Description
Bowtie 2 is an ultrafast and memory-efficient tool for aligning sequencing reads
to long reference sequences. It is particularly good at aligning reads of about 50 up to 100s or 1,000s
of characters, and particularly good at aligning to relatively long (e.g. mammalian) genomes.
Bowtie 2 indexes the genome with an FM Index to keep its memory footprint small: for the human genome,
its memory footprint is typically around 3.2 GB. Bowtie 2 supports gapped, local, and paired-end alignment modes.
Software Category: bio
For detailed information, visit the Bowtie2
website.
Available Versions
The current installation of Bowtie2
incorporates the most popular packages. To find the available versions and learn how to load them, run:
module spider bowtie2
The output of the command shows the available Bowtie2
module versions.
For detailed information about a particular Bowtie2
module, including how to load the module, run the module spider
command with the module’s full version label. For example:
module spider bowtie2/2.5.1
Module | Version |
Module Load Command |
bowtie2 | 2.5.1 |
module load bowtie2/2.5.1
|
Bowtie2 Example
The following example demonstrates how to run a Bowtie sequence alignment on multiple cpu cores on a single HPC node.
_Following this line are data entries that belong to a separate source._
lemma continuous_lift_from_compact_space:
  assumes M_open: "\<And>A B h. M A B h \<Longrightarrow> open_embedding_map A B h"
    and X: "compact_space X" and f: "continuous_map X C f"
  shows "\<exists>j\<in>I. \<exists>g. continuous_map X (Z j) g \<and> (\<forall>x\<in>topspace X. f x = c j (g x))"
proof -
  have "compactin C (f ` topspace X)"
    using image_compactin X f by (auto simp: compact_space_def)
  then obtain j where j: "j \<in> I" "f ` topspace X \<subseteq> c j ` topspace (Z j)"
    using compact_subset_cocone_image[OF M_open] by blast
  obtain g where g: "g \<in> topspace X \<rightarrow> topspace (Z j)" "\<And>x. x \<in> topspace X \<Longrightarrow> f x = c j (g x)"
    using obtain_factor_through_image[OF j(2)] by blast
  have "embedding_map (Z j) C (c j)"
    using cocone_continuous[OF j(1)] open_map_cocone[OF M_open j(1)] inj_on_cocone[OF j(1)]
    by (rule injective_open_imp_embedding_map)
  moreover have "continuous_map X C (c j \<circ> g)"
    using f g(2) by (auto intro: continuous_map_eq)
  ultimately have "continuous_map X (Z j) g"
    using g(1) by (rule continuous_map_factor_through_embedding)
  then show ?thesis
    using j(1) g(2) by blast
qed

end

lemma fin_generated_if_continuous_lifts:
  fixes M :: "'b topology \<Rightarrow> 'b topology \<Rightarrow> ('b \<Rightarrow> 'b) \<Rightarrow> bool" and X :: "'a topology"
  assumes M_embedding: "\<And>A B h. M A B h \<Longrightarrow> embedding_map A B h"
    and lift: "\<And>(I :: 'i set) le Z z (C :: 'c topology) c f.
                 \<lbrakk>embedding_directed_colimit M I le Z z C c; continuous_map X C f\<rbrakk>
                 \<Longrightarrow> \<exists>i\<in>I. \<exists>g. continuous_map X (Z i) g \<and> (\<forall>x\<in>topspace X. f x = c i (g x))"
  shows "fin_generated TYPE('i) TYPE('c) M X"
  unfolding fin_generated_def
proof (intro allI impI conjI)
  fix I :: "'i set" and le Z z and C :: "'c topology" and c f
  assume H: "directed_diagram M I le Z z \<and> directed_colimit_Top I le Z z C c \<and> continuous_map X C f"
  then have L: "embedding_directed_colimit M I le Z z C c"
    using M_embedding by (simp add: embedding_directed_colimit_def)
  interpret L: embedding_directed_colimit M I le Z z C c
    by (rule L)
  show "\<exists>i\<in>I. \<exists>g. continuous_map X (Z i) g \<and> (\<forall>x\<in>topspace X. f x = c i (g x))"
    using lift[OF L] H by blast
  show "\<forall>i\<in>I. \<forall>g g'. continuous_map X (Z i) g \<and> (\<forall>x\<in>topspace X. f x = c i (g x)) \<and>
          continuous_map X (Z i) g' \<and> (\<forall>x\<in>topspace X. f x = c i (g' x)) \<longrightarrow>
          (\<exists>j\<in>I. le i j \<and> (\<forall>x\<in>topspace X. z i j (g x) = z i j (g' x)))"
  proof (intro ballI allI impI)
    fix i g g'
    assume i: "i \<in> I" and gg': "continuous_map X (Z i) g \<and> (\<forall>x\<in>topspace X. f x = c i (g x)) \<and>
          continuous_map X (Z i) g' \<and> (\<forall>x\<in>topspace X. f x = c i (g' x))"
    have "g x = g' x" if x: "x \<in> topspace X" for x
    proof -
      have "g x \<in> topspace (Z i)" "g' x \<in> topspace (Z i)" "c i (g x) = c i (g' x)"
        using gg' x continuous_map_image_subset_topspace by fastforce+
      then show ?thesis
        using L.inj_on_cocone[OF i] by (simp add: inj_on_eq_iff)
    qed
    then show "\<exists>j\<in>I. le i j \<and> (\<forall>x\<in>topspace X. z i j (g x) = z i j (g' x))"
      using i L.index_refl[OF i] by auto
  qed
qed
(* Consider factor graphs of LDPC codes with $N$ variable nodes and $M$ check nodes, all check nodes of degree $d_c$, variable node degree distribution (edge perspective) $\{\lambda_i\}$, and design rate $R=1-\frac{1/d_c}{\sum_j\lambda_j/j}=1-\frac{M}{N}$. A factor graph with this degree distribution having no cycles of variable nodes of degree two and three (i.e., in which the subgraph consisting of all variable nodes of degree two or three, all check nodes, and the edges between them contains no cycle) exists if and only if $$3\lambda_2+4\lambda_3\le\frac{6}{d_c}\,\frac{(1-R)-\frac1N}{1-R}.$$ Moreover, the right-hand side is strictly less than $\frac{6}{d_c}$.
   Context: $\lambda_i$ denotes the fraction of edges of the factor graph connected to variable nodes of degree $i$; the node-perspective fractions are $\Lambda_i=\frac{\lambda_i/i}{\sum_j\lambda_j/j}$, the fraction of variable nodes of degree $i$. The factor graph is the bipartite graph between variable nodes and check nodes of the parity-check matrix. *)

theory Defs
  imports Complex_Main
begin

definition factor_graph :: "nat \<Rightarrow> nat \<Rightarrow> (nat \<times> nat) set \<Rightarrow> bool" where
  "factor_graph N M E \<longleftrightarrow> E \<subseteq> {..<N} \<times> {..<M}"

definition vdeg :: "(nat \<times> nat) set \<Rightarrow> nat \<Rightarrow> nat" where
  "vdeg E v = card {c. (v, c) \<in> E}"

definition cdeg :: "(nat \<times> nat) set \<Rightarrow> nat \<Rightarrow> nat" where
  "cdeg E c = card {v. (v, c) \<in> E}"

definition edge_dist :: "(nat \<times> nat) set \<Rightarrow> nat \<Rightarrow> real" where
  "edge_dist E i = real (card {e \<in> E. vdeg E (fst e) = i}) / real (card E)"

definition ldpc_graph ::
  "nat \<Rightarrow> nat \<Rightarrow> nat \<Rightarrow> (nat \<Rightarrow> real) \<Rightarrow> (nat \<times> nat) set \<Rightarrow> bool" where
  "ldpc_graph N M dc lam E \<longleftrightarrow>
     factor_graph N M E \<and> E \<noteq> {} \<and>
     (\<forall>c<M. cdeg E c = dc) \<and>
     (\<forall>i. lam i = edge_dist E i)"

definition design_rate :: "nat \<Rightarrow> (nat \<Rightarrow> real) \<Rightarrow> real" where
  "design_rate dc lam =
     1 - (1 / real dc) / (\<Sum>j\<in>{j. 1 \<le> j \<and> lam j \<noteq> 0}. lam j / real j)"

fun adj23 :: "(nat \<times> nat) set \<Rightarrow> nat + nat \<Rightarrow> nat + nat \<Rightarrow> bool" where
  "adj23 E (Inl v) (Inr c) \<longleftrightarrow> (v, c) \<in> E \<and> vdeg E v \<in> {2, 3}"
| "adj23 E (Inr c) (Inl v) \<longleftrightarrow> (v, c) \<in> E \<and> vdeg E v \<in> {2, 3}"
| "adj23 E _ _ \<longleftrightarrow> False"

definition has_cycle23 :: "(nat \<times> nat) set \<Rightarrow> bool" where
  "has_cycle23 E \<longleftrightarrow>
     (\<exists>vs. length vs \<ge> 3 \<and> distinct vs \<and>
        (\<forall>i < length vs. adj23 E (vs ! i) (vs ! ((i + 1) mod length vs))))"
More details information about the aligner can be found here.
Note that Bowtie cannot be executed across multiple nodes.
Create a temporary directory
We start by creating a temporary directory and copying the Bowtie2 example files into it.
module load gcc bowtie2
mkdir -p /scratch/$USER/bowtie_temp
cp -r $EBROOTBOWTIE2/example /scratch/$USER/bowtie_temp
- The
$USER
variable will expand to your computing ID so you’ll be using your personal scratch directory.
- The
EBROOTBOWTIE2
environment variable is set to the Bowtie2 installation directory after you load the bowtie2
module.
- Note that you have to preload the
gcc
module before loading bowtie2.
The Slurm Job Script
The Slurm script defines the HPC resources needed to run the Bowtie2 indexing and alignment. Bowtie2 can utilize multiple cpu cores on a single compute node. It does not support execution on multiple nodes.
Let’s create a textfile that serves as our job script, alignment.slurm
, with the following content:
#!/bin/bash
#SBATCH --job-name=bowtie2_example
#SBATCH --cpus-per-task=8
#SBATCH --time=00:10:00
#SBATCH -o Bowtie_test.o%j
#SBATCH --partition=standard
#SBATCH --account=<YOUR_ALLOCATION>
#Load the Bowtie Module
module load gcc
module load bowtie2
# Change to temp working directory with example files
cd /scratch/$USER/bowtie_temp
# Indexing a reference genome
bowtie2-build ./example/reference/lambda_virus.fa lambda_virus
# Aligning example reads, standard example
bowtie2 -p $SLURM_CPUS_PER_TASK -x lambda_virus -U ./example/reads/reads_1.fq -S align.sam
# Paired-end example
bowtie2 -p $SLURM_CPUS_PER_TASK -x lambda_virus -1 ./example/reads/reads_1.fq -2 ./example/reads/reads_2.fq -S align2.sam
# Local alignment example
bowtie2 -p $SLURM_CPUS_PER_TASK --local -x lambda_virus -U ./example/reads/longreads.fq -S align3.sam
-
You need to replace <YOUR_ALLOCATION>
with your own HPC allocation name.
-
The $USER
variable will expand to your computing ID so you’ll be using your personal scratch directory.
-
The $SLURM_CPUS_PER_TASK
variable is set by the job scheduler to match the --cpus-per-task
directive, in this case 8 cpus core per task (job run).
Submitting the Job
To run the above script, type:
sbatch alignment.slurm
This will return a message like this:
Submitted batch job 3184590
Check the Job Status
To check the status of the job, run
squeue -u <username>
where <username>
is your UVA computing ID that you used to log in.
To see a history of your jobs, run:
sacct
Output
Because of parallel processing, the aligned reads might appear in the output SAM file in a different order than they were in the input FASTQ. You can add the --reorder
flag to your command so that the order does not change, but it is typically not necessary.
Troubleshooting
Caution: If you create the Slurm job script on a Windows computer and then upload it to the HPC system, you’ll probably get an error when you run it with sbatch that says:
sbatch: error: Batch script contains DOS line breaks (\r\n)
sbatch: error: instead of expected UNIX line breaks (\n).
To fix this, run
dos2unix alignment.slurm
This will remove unwanted \r from text files.